→ Directions: Check each line of the material below for "hyps" and copy those where it appears.

→ Raw data:
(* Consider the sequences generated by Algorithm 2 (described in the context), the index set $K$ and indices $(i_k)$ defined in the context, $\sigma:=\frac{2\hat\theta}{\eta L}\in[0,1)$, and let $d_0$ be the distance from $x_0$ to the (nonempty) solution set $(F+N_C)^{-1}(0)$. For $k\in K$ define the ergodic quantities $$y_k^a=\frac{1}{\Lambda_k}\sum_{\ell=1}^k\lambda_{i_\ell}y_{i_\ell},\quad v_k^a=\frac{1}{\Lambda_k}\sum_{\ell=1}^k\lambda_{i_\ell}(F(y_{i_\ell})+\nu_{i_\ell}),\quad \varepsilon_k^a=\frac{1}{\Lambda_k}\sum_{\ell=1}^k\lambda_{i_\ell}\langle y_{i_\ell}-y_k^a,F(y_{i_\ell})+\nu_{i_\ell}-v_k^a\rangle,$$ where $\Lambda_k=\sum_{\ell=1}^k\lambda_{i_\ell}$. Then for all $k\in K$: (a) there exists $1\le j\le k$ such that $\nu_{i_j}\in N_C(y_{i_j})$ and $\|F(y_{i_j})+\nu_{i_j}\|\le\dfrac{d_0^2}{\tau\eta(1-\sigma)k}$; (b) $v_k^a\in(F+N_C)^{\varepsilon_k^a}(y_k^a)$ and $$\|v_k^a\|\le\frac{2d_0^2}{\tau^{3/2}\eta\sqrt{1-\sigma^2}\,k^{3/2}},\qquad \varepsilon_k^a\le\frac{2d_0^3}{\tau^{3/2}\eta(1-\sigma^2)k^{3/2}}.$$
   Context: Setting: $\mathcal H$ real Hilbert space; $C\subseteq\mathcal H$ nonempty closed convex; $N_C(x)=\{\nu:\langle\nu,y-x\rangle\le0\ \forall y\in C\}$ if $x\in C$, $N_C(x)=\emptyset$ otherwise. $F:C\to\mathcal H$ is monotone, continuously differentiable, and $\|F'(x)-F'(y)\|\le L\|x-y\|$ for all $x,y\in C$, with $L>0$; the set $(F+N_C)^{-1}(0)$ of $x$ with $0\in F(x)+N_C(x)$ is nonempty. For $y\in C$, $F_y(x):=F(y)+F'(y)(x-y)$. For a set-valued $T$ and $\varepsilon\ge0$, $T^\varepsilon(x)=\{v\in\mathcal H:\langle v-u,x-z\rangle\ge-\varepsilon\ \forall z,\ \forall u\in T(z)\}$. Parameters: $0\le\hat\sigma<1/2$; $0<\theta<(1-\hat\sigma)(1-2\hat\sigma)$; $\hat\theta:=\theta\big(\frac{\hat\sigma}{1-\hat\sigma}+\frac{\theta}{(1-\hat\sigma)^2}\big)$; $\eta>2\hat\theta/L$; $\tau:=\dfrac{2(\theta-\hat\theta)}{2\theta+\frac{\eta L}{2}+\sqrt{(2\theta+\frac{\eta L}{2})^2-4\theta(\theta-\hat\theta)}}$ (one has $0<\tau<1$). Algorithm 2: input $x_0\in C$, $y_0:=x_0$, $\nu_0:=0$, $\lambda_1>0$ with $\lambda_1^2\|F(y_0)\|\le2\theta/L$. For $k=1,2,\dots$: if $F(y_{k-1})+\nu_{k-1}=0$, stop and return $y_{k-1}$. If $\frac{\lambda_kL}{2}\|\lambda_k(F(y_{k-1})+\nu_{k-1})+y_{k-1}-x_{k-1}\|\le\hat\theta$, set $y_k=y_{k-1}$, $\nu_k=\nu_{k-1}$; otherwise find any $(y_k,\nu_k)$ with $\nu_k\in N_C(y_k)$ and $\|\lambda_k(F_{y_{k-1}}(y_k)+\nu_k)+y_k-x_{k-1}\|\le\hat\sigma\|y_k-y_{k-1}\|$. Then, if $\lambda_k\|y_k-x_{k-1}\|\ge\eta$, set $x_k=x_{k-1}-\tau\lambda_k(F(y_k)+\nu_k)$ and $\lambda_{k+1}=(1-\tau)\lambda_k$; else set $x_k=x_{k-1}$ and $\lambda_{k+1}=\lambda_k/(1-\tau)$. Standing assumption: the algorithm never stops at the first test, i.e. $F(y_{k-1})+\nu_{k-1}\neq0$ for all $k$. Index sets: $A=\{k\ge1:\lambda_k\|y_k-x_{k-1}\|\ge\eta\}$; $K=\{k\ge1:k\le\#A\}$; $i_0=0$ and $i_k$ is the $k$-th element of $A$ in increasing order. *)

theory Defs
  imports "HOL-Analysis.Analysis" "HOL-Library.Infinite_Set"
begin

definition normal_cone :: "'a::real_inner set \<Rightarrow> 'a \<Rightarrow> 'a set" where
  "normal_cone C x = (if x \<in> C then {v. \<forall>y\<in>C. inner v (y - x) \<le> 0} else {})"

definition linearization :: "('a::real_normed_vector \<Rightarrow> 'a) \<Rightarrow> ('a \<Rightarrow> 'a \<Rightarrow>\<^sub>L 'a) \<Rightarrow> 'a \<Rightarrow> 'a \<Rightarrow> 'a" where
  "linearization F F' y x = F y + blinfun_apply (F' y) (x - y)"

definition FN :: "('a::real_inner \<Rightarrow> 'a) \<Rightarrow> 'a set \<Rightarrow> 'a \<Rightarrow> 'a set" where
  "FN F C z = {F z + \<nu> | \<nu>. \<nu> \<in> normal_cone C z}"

* * *

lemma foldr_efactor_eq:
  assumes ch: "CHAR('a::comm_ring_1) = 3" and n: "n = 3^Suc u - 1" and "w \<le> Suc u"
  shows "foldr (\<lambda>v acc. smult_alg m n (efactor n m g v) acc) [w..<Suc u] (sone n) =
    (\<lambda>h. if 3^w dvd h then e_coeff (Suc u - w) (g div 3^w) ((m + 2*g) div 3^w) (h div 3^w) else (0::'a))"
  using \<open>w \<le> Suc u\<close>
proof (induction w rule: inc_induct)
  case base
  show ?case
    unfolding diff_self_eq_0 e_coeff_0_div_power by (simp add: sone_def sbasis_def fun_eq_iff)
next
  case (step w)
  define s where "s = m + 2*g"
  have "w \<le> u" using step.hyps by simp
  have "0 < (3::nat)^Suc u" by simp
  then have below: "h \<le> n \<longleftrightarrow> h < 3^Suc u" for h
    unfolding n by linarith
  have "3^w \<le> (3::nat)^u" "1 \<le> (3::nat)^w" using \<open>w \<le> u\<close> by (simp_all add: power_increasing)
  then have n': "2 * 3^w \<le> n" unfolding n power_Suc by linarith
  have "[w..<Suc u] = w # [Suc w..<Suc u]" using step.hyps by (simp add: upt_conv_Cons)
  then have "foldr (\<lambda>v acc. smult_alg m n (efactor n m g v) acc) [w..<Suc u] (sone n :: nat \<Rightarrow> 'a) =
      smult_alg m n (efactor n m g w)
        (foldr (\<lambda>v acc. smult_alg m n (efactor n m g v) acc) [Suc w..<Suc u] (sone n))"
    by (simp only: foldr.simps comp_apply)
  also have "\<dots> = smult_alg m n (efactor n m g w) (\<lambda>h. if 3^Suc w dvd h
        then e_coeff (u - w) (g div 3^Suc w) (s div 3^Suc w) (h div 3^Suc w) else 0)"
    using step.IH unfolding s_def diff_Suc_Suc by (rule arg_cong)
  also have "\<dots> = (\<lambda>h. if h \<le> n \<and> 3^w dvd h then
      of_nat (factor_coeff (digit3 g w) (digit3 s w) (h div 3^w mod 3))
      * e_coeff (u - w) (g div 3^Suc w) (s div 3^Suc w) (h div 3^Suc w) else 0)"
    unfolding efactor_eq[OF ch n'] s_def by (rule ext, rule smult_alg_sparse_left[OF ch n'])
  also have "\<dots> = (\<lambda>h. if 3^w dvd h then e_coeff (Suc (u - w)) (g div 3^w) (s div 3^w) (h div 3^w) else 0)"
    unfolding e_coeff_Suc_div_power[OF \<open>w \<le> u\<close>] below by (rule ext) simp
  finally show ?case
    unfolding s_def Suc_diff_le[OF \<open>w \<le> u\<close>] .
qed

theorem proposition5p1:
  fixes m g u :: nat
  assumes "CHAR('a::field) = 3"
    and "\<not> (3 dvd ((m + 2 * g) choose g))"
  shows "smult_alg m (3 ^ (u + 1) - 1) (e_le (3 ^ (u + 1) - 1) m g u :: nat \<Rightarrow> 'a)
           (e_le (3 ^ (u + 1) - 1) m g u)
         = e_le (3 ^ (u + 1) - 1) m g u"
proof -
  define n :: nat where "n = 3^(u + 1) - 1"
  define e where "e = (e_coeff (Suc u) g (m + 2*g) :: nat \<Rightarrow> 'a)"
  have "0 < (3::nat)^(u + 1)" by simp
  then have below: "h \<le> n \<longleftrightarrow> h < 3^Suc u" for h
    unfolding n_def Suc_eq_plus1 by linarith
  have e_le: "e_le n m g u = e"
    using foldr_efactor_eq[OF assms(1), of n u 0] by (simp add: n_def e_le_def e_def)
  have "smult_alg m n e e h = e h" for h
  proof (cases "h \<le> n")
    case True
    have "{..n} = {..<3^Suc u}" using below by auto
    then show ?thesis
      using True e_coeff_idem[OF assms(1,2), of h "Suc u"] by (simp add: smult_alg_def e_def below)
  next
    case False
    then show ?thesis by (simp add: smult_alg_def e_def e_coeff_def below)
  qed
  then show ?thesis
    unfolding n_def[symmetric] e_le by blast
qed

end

--

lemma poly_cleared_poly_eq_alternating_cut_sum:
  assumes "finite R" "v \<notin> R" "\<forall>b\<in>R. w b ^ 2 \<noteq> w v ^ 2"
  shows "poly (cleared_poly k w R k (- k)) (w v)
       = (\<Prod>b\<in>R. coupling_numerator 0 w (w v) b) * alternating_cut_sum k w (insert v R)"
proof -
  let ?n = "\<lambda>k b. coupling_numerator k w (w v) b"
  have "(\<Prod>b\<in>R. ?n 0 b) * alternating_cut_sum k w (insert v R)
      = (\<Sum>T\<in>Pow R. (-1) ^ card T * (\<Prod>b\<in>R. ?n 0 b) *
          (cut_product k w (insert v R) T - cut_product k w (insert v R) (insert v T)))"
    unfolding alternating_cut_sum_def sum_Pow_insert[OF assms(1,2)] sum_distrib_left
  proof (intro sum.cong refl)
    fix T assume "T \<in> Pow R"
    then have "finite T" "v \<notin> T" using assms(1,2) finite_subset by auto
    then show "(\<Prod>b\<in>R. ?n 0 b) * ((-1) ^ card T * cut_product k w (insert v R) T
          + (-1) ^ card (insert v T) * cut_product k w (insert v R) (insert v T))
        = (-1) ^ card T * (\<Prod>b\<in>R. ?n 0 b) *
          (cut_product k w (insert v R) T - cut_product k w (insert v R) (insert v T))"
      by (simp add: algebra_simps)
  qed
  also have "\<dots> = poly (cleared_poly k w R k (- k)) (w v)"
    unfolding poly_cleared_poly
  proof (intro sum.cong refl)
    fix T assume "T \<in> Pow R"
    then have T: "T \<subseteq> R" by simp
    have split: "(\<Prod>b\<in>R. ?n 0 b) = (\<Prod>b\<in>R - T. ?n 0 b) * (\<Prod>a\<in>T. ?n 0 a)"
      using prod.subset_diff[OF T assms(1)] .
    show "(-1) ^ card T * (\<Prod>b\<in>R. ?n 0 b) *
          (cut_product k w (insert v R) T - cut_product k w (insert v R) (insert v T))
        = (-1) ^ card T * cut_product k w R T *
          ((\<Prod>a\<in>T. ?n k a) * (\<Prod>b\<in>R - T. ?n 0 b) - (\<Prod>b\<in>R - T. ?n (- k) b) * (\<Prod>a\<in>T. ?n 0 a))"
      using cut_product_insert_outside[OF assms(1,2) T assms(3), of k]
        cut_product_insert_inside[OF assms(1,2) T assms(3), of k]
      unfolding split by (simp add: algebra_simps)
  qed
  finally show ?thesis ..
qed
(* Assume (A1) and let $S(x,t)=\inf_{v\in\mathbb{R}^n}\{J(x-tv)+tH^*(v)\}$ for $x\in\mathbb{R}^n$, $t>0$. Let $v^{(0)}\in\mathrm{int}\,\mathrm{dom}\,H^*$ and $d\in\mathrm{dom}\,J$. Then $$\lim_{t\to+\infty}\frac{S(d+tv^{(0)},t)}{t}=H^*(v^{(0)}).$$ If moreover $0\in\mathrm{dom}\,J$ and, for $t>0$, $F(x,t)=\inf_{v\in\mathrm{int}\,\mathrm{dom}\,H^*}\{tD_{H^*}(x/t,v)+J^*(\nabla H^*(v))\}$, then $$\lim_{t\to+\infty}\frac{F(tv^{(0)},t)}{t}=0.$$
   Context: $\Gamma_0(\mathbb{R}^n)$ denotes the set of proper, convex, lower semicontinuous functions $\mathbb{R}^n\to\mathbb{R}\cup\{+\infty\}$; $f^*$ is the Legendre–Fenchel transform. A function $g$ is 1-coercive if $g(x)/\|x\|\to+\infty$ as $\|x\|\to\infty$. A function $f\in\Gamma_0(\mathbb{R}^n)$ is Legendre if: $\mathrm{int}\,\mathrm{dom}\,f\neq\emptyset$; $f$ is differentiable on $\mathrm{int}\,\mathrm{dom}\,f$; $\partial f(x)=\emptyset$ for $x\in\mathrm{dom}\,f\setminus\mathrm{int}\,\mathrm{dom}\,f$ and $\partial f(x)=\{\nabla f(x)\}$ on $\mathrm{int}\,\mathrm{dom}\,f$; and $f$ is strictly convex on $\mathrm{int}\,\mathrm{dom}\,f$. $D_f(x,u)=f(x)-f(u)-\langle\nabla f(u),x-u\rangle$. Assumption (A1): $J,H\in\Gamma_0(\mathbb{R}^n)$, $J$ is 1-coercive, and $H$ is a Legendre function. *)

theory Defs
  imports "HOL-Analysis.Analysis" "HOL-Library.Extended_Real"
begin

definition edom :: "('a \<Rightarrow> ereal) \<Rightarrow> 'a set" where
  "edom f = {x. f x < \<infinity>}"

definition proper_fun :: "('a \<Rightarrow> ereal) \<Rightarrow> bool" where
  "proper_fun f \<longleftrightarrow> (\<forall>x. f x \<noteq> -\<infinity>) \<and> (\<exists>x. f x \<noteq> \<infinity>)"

→ Solved problem:
  have "w \<le> u" using step.hyps by simp
  have "[w..<Suc u] = w # [Suc w..<Suc u]" using step.hyps by (simp add: upt_conv_Cons)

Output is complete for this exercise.